> WHAT THE TASK REQUIRES
Your task is to copy the lines of the data below from the line holding "using assms dyadic_interval_nest[OF" through the line holding "by (simp add: mem_dcube)", inclusive, exactly and with nothing added.

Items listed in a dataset
== == ==
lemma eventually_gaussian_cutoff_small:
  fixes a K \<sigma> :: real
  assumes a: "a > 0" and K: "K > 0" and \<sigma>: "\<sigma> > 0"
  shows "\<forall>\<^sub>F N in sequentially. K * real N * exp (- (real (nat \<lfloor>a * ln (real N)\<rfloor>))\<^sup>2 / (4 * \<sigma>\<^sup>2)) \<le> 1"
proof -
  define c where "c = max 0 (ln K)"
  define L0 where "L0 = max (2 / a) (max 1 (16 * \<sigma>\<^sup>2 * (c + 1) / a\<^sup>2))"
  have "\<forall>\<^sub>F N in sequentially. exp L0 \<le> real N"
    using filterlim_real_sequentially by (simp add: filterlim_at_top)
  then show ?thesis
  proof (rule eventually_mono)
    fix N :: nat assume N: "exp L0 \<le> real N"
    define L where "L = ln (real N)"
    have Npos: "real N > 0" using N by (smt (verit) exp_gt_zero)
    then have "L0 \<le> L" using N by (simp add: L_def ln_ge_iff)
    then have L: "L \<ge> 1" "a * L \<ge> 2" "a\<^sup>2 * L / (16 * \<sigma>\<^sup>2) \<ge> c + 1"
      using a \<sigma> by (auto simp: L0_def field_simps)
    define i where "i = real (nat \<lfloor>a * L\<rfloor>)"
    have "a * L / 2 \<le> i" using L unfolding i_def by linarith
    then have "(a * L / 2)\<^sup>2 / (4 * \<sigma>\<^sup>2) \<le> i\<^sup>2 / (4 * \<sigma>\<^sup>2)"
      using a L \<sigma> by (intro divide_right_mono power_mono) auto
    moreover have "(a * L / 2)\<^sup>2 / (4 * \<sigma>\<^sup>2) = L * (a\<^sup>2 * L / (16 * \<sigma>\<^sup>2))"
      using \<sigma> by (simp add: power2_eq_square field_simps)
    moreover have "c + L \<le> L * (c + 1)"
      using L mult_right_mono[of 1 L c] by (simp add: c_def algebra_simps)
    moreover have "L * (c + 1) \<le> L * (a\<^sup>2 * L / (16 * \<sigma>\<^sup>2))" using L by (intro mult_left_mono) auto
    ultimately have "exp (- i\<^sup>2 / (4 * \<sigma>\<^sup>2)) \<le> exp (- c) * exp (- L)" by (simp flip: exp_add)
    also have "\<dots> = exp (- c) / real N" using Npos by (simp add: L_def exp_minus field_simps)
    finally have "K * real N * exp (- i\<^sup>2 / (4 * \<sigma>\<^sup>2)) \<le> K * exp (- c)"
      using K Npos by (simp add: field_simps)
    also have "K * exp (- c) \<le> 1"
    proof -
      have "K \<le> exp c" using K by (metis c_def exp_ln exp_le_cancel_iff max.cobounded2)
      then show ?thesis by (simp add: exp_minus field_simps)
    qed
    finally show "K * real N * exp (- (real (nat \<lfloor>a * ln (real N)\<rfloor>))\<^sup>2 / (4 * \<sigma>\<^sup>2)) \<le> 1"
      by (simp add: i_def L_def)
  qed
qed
== == ==
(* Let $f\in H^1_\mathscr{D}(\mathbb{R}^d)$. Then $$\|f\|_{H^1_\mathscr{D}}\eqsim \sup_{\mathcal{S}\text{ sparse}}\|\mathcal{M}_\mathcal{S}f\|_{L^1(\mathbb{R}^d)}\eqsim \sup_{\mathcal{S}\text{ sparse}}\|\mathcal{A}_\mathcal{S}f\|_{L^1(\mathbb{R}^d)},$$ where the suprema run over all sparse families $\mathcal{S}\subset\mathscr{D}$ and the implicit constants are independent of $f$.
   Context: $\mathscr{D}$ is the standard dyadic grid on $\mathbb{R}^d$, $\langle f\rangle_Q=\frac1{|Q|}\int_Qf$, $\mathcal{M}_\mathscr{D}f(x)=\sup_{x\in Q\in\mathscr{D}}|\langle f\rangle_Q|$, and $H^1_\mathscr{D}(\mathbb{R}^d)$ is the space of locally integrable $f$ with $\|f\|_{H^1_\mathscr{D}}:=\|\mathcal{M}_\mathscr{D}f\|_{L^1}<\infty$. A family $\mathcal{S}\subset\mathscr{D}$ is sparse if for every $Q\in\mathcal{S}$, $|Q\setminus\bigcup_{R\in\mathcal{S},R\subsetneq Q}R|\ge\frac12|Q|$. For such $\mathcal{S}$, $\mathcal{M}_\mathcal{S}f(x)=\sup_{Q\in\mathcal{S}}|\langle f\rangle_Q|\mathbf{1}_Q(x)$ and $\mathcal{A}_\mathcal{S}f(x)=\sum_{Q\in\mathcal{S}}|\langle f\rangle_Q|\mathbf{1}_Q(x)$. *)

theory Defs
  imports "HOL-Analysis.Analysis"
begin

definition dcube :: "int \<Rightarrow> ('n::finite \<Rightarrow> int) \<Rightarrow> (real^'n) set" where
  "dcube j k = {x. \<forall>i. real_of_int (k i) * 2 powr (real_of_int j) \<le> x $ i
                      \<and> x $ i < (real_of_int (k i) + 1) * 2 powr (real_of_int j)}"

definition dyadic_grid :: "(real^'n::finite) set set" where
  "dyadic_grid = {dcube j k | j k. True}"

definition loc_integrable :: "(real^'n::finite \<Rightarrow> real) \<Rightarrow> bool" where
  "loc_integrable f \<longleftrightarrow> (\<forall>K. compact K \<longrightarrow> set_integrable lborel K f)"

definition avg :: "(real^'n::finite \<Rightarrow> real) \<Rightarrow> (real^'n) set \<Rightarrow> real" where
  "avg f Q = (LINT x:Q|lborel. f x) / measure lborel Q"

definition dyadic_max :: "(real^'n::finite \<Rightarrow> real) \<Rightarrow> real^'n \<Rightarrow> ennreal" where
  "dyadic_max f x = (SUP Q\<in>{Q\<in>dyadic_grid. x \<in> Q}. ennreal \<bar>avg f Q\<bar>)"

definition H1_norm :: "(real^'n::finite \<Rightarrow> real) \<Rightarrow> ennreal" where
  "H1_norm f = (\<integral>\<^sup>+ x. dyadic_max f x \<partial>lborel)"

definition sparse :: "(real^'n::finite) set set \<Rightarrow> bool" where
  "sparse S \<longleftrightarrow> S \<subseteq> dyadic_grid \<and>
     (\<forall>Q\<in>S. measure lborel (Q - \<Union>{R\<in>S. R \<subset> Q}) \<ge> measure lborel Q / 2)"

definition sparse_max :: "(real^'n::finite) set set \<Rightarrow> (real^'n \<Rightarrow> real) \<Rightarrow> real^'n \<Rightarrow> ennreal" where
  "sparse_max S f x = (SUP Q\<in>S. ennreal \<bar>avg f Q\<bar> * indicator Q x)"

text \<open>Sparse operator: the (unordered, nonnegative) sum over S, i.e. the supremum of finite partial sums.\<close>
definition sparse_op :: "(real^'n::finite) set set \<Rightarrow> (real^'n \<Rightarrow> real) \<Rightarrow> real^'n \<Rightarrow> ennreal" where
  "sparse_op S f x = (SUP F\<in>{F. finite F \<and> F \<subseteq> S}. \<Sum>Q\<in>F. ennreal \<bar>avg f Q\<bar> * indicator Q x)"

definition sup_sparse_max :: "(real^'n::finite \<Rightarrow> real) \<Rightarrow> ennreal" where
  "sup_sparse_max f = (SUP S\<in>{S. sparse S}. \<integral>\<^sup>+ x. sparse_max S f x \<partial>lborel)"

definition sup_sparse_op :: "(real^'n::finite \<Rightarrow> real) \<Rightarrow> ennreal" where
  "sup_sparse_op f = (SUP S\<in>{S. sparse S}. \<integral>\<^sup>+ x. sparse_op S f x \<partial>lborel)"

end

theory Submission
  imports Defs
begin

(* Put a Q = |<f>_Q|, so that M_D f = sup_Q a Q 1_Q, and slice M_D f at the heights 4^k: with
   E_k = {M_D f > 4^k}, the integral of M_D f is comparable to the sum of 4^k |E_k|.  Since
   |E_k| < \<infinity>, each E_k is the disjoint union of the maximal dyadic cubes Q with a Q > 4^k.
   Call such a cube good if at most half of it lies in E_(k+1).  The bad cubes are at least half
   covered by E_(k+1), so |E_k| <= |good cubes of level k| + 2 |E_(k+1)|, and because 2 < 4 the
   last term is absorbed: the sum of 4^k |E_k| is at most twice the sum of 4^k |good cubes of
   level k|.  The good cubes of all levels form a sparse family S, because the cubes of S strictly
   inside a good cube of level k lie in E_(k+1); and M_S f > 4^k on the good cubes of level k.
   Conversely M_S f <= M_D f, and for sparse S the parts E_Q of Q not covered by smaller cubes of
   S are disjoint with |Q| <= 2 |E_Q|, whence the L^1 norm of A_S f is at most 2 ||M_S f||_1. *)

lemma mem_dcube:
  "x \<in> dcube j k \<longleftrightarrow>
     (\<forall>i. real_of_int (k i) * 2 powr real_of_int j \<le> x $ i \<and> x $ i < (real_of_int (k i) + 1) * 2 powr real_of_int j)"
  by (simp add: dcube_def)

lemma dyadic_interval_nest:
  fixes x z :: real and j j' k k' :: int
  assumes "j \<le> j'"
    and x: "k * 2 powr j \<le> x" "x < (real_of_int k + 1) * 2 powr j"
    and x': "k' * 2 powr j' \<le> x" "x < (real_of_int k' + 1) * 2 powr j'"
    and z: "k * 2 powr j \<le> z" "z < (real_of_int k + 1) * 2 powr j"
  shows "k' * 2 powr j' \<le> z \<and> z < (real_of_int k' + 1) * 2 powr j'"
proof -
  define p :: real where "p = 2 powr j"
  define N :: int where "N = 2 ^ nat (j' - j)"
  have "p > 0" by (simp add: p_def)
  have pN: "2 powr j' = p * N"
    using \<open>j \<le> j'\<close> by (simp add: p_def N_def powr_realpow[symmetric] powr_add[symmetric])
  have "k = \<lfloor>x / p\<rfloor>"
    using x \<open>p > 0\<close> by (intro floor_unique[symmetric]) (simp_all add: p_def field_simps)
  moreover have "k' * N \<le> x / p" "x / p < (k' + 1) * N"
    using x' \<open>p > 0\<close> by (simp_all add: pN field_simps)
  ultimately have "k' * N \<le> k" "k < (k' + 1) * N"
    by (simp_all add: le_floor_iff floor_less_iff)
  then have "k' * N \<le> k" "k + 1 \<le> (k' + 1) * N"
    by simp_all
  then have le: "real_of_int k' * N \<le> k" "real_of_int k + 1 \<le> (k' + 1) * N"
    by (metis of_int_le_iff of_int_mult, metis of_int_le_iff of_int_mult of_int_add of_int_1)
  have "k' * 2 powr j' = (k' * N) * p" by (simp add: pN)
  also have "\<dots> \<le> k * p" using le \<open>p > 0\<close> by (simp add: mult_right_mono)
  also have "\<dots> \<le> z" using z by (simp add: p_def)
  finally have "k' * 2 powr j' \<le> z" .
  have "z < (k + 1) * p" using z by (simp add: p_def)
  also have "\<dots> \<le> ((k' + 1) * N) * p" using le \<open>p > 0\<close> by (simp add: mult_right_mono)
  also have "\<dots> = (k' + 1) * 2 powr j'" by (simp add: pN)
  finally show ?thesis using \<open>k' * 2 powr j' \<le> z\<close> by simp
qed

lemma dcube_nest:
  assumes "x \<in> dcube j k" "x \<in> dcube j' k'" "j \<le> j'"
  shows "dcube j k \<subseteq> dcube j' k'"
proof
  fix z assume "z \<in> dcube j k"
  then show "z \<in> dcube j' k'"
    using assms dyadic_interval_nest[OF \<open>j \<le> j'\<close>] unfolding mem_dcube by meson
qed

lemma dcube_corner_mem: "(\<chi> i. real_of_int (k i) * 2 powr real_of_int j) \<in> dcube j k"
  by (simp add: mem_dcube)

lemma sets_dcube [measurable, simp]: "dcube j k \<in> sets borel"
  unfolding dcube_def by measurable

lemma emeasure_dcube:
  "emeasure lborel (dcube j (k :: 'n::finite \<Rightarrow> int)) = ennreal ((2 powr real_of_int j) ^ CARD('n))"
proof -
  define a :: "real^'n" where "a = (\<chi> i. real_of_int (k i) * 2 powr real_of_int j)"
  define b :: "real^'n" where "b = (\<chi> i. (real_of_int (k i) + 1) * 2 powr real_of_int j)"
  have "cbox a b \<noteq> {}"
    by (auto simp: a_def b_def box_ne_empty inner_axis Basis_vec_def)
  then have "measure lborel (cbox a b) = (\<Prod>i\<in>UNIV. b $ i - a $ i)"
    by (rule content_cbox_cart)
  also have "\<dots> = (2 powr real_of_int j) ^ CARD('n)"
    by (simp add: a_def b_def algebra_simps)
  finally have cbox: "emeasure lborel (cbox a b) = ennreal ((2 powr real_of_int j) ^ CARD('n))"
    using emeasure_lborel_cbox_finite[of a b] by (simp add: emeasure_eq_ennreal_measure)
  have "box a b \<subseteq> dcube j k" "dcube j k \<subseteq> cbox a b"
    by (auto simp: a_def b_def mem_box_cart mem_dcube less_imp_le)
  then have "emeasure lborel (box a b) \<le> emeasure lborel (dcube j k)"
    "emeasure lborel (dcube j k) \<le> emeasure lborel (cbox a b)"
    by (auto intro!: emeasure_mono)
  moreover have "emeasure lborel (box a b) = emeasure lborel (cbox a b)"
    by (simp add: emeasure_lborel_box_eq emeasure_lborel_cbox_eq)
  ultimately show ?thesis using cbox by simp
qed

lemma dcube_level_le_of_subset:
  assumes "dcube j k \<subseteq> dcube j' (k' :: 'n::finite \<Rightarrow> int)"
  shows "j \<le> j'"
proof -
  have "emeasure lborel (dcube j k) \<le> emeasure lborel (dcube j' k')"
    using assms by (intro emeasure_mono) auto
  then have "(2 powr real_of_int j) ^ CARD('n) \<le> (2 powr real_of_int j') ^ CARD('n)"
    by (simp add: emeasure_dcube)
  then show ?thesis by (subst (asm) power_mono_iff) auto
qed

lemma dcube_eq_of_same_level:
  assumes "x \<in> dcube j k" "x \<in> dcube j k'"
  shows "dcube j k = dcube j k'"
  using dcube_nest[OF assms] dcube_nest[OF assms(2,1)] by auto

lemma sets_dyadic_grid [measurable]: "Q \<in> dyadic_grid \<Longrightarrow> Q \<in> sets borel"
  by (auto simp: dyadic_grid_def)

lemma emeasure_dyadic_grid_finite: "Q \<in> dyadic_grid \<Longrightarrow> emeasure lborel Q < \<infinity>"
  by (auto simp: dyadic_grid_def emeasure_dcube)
== == ==
> OUTPUT OF THE EXERCISE
    using assms dyadic_interval_nest[OF \<open>j \<le> j'\<close>] unfolding mem_dcube by meson
qed

lemma dcube_corner_mem: "(\<chi> i. real_of_int (k i) * 2 powr real_of_int j) \<in> dcube j k"
  by (simp add: mem_dcube)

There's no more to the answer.